Many men cheat not because they’ve fallen out of love with their wives, but because they’ve lost the positive way they feel about themselves. When a man is happily in love, he often feels strong, desired, capable, and admired. But as life goes on – careers, kids, bills, and the constant stress of everyday life — those moments of affirmation and connection can fade.
Instead of being honest about how lost or insecure they feel, some men look for those missing feelings somewhere else. It’s not about her being prettier, smarter, or kinder. It’s about her giving him a temporary reflection of the man he wishes he still felt like.
That doesn’t excuse the behavior. Not for a second. But it helps explain it — and sometimes, understanding the why can help you heal without blaming yourself for something that was never really about you.
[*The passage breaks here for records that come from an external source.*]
lemma dS_curve_of_le:
  assumes \<rho>: "\<rho> \<in> SV V" and g: "continuous_on {0..1} g" "g ` {0..1} \<subseteq> moment_cone"
    and close: "\<And>t. t \<in> {0..1} \<Longrightarrow> dist (moments (\<rho> t)) (g t) \<le> c"
  shows "dS V \<rho> (curve_of g) \<le> (2 + R) * c"
proof (rule dS_le_moments[OF \<rho> curve_of_in_SV[OF g]])
  fix t :: real assume t: "t \<in> {0..1}"
  then have "moments (curve_of g t) = g t"
    using g(2) by (intro moments_curve_of) auto
  then show "dist (moments (\<rho> t)) (moments (curve_of g t)) \<le> c"
    using close[OF t] by simp
qed

lemma mcomplete_SV: "Metric_space.mcomplete (SV V) (dS V)"
proof -
  interpret SV: Metric_space "SV V" "dS V"
    by (rule Metric_space_SV)
  have "\<exists>\<rho>. limitin SV.mtopology \<sigma> \<rho> sequentially" if \<sigma>: "SV.MCauchy \<sigma>" for \<sigma>
  proof -
    have \<sigma>_SV: "\<sigma> n \<in> SV V" for n
      using \<sigma> unfolding SV.MCauchy_def by blast
    obtain l where l: "uniform_limit {0..1} (\<lambda>n t. moments (\<sigma> n t)) l sequentially"
      using Cauchy_uniformly_convergent[OF uniformly_Cauchy_on_moments[OF \<sigma>]]
      unfolding uniformly_convergent_on_def by blast
    have l_cont: "continuous_on {0..1} l"
      by (rule uniform_limit_theorem[OF always_eventually l])
        (simp_all add: \<sigma>_SV continuous_on_moments_SV)
    have l_cone: "l ` {0..1} \<subseteq> moment_cone"
    proof (rule image_subsetI)
      fix t :: real assume t: "t \<in> {0..1}"
      show "l t \<in> moment_cone"
        by (rule Lim_in_closed_set[OF closed_moment_cone _ _ tendsto_uniform_limitI[OF l t]])
          (simp_all add: moments_in_cone SV_in_CV[OF \<sigma>_SV t])
    qed
    have "\<forall>\<^sub>F n in sequentially. \<sigma> n \<in> SV V \<and> dS V (\<sigma> n) (curve_of l) < e" if e: "e > 0" for e
    proof -
      have "\<forall>\<^sub>F n in sequentially. \<forall>t\<in>{0..1}. dist (moments (\<sigma> n t)) (l t) < e / (2 * (2 + R))"
        using l e R_pos unfolding uniform_limit_iff by simp
      then show ?thesis
      proof eventually_elim
        case (elim n)
        have "dS V (\<sigma> n) (curve_of l) \<le> (2 + R) * (e / (2 * (2 + R)))"
          using elim by (intro dS_curve_of_le[OF \<sigma>_SV l_cont l_cone]) (simp add: less_imp_le)
        also have "\<dots> = e / 2"
          using R_pos by (simp add: field_simps)
        also have "\<dots> < e"
          using e by simp
        finally show ?case
          using \<sigma>_SV by simp
      qed
    qed
    then show ?thesis
      unfolding SV.limitin_metric using curve_of_in_SV[OF l_cont l_cone] by blast
  qed
  then show ?thesis
    unfolding SV.mcomplete_def by blast
qed
theorem lemma7:
  fixes M L :: nat and g c :: "nat \<Rightarrow> nat"
    and f :: "nat \<Rightarrow> nat \<Rightarrow> 'a::euclidean_space \<Rightarrow> real"
    and gf :: "nat \<Rightarrow> nat \<Rightarrow> 'a \<Rightarrow> 'a"
    and F :: "'a \<Rightarrow> real" and gF :: "'a \<Rightarrow> 'a" and wstar :: 'a
    and G :: "nat \<Rightarrow> nat \<Rightarrow> 'a \<Rightarrow> 's \<Rightarrow> 'a" and D :: "nat \<Rightarrow> nat \<Rightarrow> 's measure"
    and P :: "'b measure" and wt :: "'b \<Rightarrow> 'a"
    and \<omega> :: "(nat \<Rightarrow> nat set) \<Rightarrow> nat \<Rightarrow> nat \<Rightarrow> real"
    and \<mu> \<gamma> \<zeta> \<eta> :: real
  assumes M_pos: "M \<ge> 1" and L_pos: "L \<ge> 1"
    and c_bounds: "\<forall>m<M. 1 \<le> c m \<and> c m \<le> g m"
    \<comment> \<open>global loss and its gradient\<close>
    and F_def: "F = (\<lambda>x. (1 / real (\<Sum>m<M. g m)) * (\<Sum>m<M. \<Sum>u<g m. f m u x))"
    and gF_grad: "\<forall>x. (F has_derivative (\<lambda>h. gF x \<bullet> h)) (at x)"
    and wstar_min: "\<forall>x. F wstar \<le> F x"
    \<comment> \<open>(A1): convex, differentiable (with gradient gf), gamma-smooth\<close>
    and A1_convex: "\<forall>m<M. \<forall>u<g m. convex_on UNIV (f m u)"
    and A1_grad: "\<forall>m<M. \<forall>u<g m. \<forall>x. (f m u has_derivative (\<lambda>h. gf m u x \<bullet> h)) (at x)"
    and A1_smooth: "\<forall>m<M. \<forall>u<g m. \<forall>x y. norm (gf m u x - gf m u y) \<le> \<gamma> * norm (x - y)"
    \<comment> \<open>(A2): mu-strongly convex\<close>
    and mu_pos: "\<mu> > 0"
    and A2: "\<forall>m<M. \<forall>u<g m. \<forall>x y. (gf m u x - gf m u y) \<bullet> (x - y) \<ge> \<mu> * (norm (x - y))\<^sup>2"
    \<comment> \<open>(A3): stochastic gradient G m u x s with a fresh sample s drawn from D m u\<close>
    and D_prob: "\<forall>m<M. \<forall>u<g m. prob_space (D m u)"
    and G_meas: "\<forall>m<M. \<forall>u<g m. (\<lambda>(x, s). G m u x s) \<in> borel_measurable (borel \<Otimes>\<^sub>M D m u)"
    and A3_unbiased: "\<forall>m<M. \<forall>u<g m. \<forall>x.
        integrable (D m u) (G m u x) \<and> (\<integral>s. G m u x s \<partial>D m u) = gF x"
    and A3_var: "\<forall>m<M. \<forall>u<g m. \<forall>x.
        (\<integral>\<^sup>+ s. ennreal ((norm (G m u x s - gF x))\<^sup>2) \<partial>D m u) \<le> ennreal \<zeta>"
    \<comment> \<open>current global model w^t: a random vector on the probability space P of past rounds\<close>
    and P_prob: "prob_space P"
    and wt_meas: "wt \<in> borel_measurable P"
    \<comment> \<open>fusion weights (may depend on the drawn clusters)\<close>
    and \<omega>_nonneg: "\<forall>Cs\<in>cluster_choices M g c. \<forall>m<M. \<forall>u\<in>Cs m. \<omega> Cs m u \<ge> 0"
    and \<omega>_sum: "\<forall>Cs\<in>cluster_choices M g c. (\<Sum>m<M. \<Sum>u\<in>Cs m. \<omega> Cs m u) = 1"
    \<comment> \<open>learning rate\<close>
    and eta_pos: "\<eta> > 0"
    and eta_le: "\<eta> \<le> min (1 / \<mu>) (min (1 / (real L * \<gamma>)) (\<mu> / \<gamma>\<^sup>2))"
  shows
    "nn_integral
       (P \<Otimes>\<^sub>M (measure_pmf (pmf_of_set (cluster_choices M g c)) \<Otimes>\<^sub>M
            (\<Pi>\<^sub>M i\<in>sample_index M g L. D (fst i) (fst (snd i)))))
       (\<lambda>(x, Cs, S). ennreal ((norm
          ((\<Sum>m<M. \<Sum>u\<in>Cs m. \<omega> Cs m u *\<^sub>R
              local_sgd (G m u) \<eta> (wt x) (\<lambda>l. S (m, u, l)) L) - wstar))\<^sup>2))
     \<le> ennreal ((1 + real (\<Sum>m<M. g m) * \<eta>\<^sup>2) * (1 - \<mu> * \<eta>) ^ L)
         * (\<integral>\<^sup>+ x. ennreal ((norm (wt x - wstar))\<^sup>2) \<partial>P)
       + ennreal ((1 / real (\<Sum>m<M. g m) + \<eta>\<^sup>2)
           * ((real L)\<^sup>2 * \<zeta> + real (\<Sum>m<M. g m) * (real L)^3 * \<gamma>\<^sup>2 * \<zeta> * \<eta>\<^sup>2 * exp 1))"
proof -
  define Q where "Q = (\<Pi>\<^sub>M i\<in>sample_index M g L. D (fst i) (fst (snd i)))"
  define \<zeta>' where "\<zeta>' = max \<zeta> 0"
  define B where "B x = ennreal ((1 - \<mu> * \<eta>) ^ L * (norm (x - wstar))\<^sup>2 + real L * (\<eta>\<^sup>2 * \<zeta>'))" for x
  have "0 < M" "0 < g 0"
    using M_pos c_bounds by force+
  note gradient = gradient_of_group_average_bounds[OF this F_def gF_grad[rule_format] wstar_min[rule_format]
      A1_grad A1_smooth A2]
  note \<eta> = step_size_bounds[OF mu_pos eta_pos eta_le]
  have device: "(\<integral>\<^sup>+ S. ennreal ((norm (local_sgd (G m u) \<eta> x0 (\<lambda>l. S (m, u, l)) L - wstar))\<^sup>2) \<partial>Q) \<le> B x0"
    if "m < M" "u < g m" for m u x0
    unfolding Q_def B_def
  proof (rule local_sgd_mean_square_error_le[where j="\<lambda>l. (m, u, l)"])
    show "(\<integral>\<^sup>+ s. ennreal ((norm (G m u x s - gF x))\<^sup>2) \<partial>D m u) \<le> ennreal \<zeta>'" for x
      using A3_var that unfolding \<zeta>'_def by (auto intro: order_trans[OF _ ennreal_leI])
  qed (use that D_prob G_meas A3_unbiased gradient \<eta> eta_pos finite_sample_index in
         \<open>auto simp: sample_index_def \<zeta>'_def intro: injI\<close>)
  have model_meas: "(\<lambda>(x, S). local_sgd (G m u) \<eta> (wt x) (\<lambda>l. S (m, u, l)) L) \<in> borel_measurable (P \<Otimes>\<^sub>M Q)"
    if "m < M" "u < g m" for m u
    unfolding split_beta' Q_def using that wt_meas G_meas measurable_sample_index_component
    by (intro measurable_local_sgd[where D="D m u"] measurable_compose[OF measurable_snd]) auto
  have "prob_space Q"
    unfolding Q_def using D_prob by (intro prob_space_PiM_sample_index) auto
  then have "nn_integral (P \<Otimes>\<^sub>M (measure_pmf (pmf_of_set (cluster_choices M g c)) \<Otimes>\<^sub>M Q))
          (\<lambda>(x, Cs, S). ennreal ((norm ((\<Sum>m<M. \<Sum>u\<in>Cs m. \<omega> Cs m u *\<^sub>R
              local_sgd (G m u) \<eta> (wt x) (\<lambda>l. S (m, u, l)) L) - wstar))\<^sup>2))
        \<le> (\<integral>\<^sup>+ x. B (wt x) \<partial>P)"
    using c_bounds \<omega>_nonneg \<omega>_sum model_meas device by (intro nn_integral_fused_models_le) auto
  also have "(\<integral>\<^sup>+ x. B (wt x) \<partial>P)
      = ennreal ((1 - \<mu> * \<eta>) ^ L) * (\<integral>\<^sup>+ x. ennreal ((norm (wt x - wstar))\<^sup>2) \<partial>P)
        + ennreal (real L * (\<eta>\<^sup>2 * \<zeta>'))"
    using wt_meas \<eta>(2) unfolding B_def \<zeta>'_def
    by (simp add: ennreal_mult nn_integral_add nn_integral_cmult prob_space.emeasure_space_1[OF P_prob])
  finally show ?thesis
    unfolding Q_def \<zeta>'_def using \<eta>(2) L_pos by (elim order_trans) (intro rate_le_paper_rate; simp)
qed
Focus On Yourself – And What Brings You Peace: I know you probably feel like pulling the covers over your head and staying in bed for a month. And honestly, that’s okay for a little while. You’re grieving, and that takes time.
But after those first few days, you have to start taking small steps forward. Get up. Go for a walk. Meet a friend for coffee. Do something – anything – that reminds you who you are outside of the betrayal.
Find small ways to rebuild your confidence and self-worth. Read. Create. Exercise. Take care of your body. These things might seem minor right now, but they are the foundation of healing.
You deserve to feel good again. You deserve peace. And the more you focus on nurturing yourself, the less power the affair will have over your every waking thought.
The Truth About Healing After Infidelity: I won’t pretend it’s easy. When I was in your shoes, I didn’t believe I would ever stop feeling broken. I didn’t think I’d ever trust again, or even smile without that dull ache in my chest.
But with time – and a lot of intentional effort – I did heal. My marriage didn’t just survive; it eventually became stronger than it had ever been.
That doesn’t mean yours has to follow the same path. Every woman’s journey is different. What matters is that you take care of you first. Healing yourself is the first step to healing anything else.
You don’t have to have all the answers today. You just have to keep choosing yourself, moment by moment.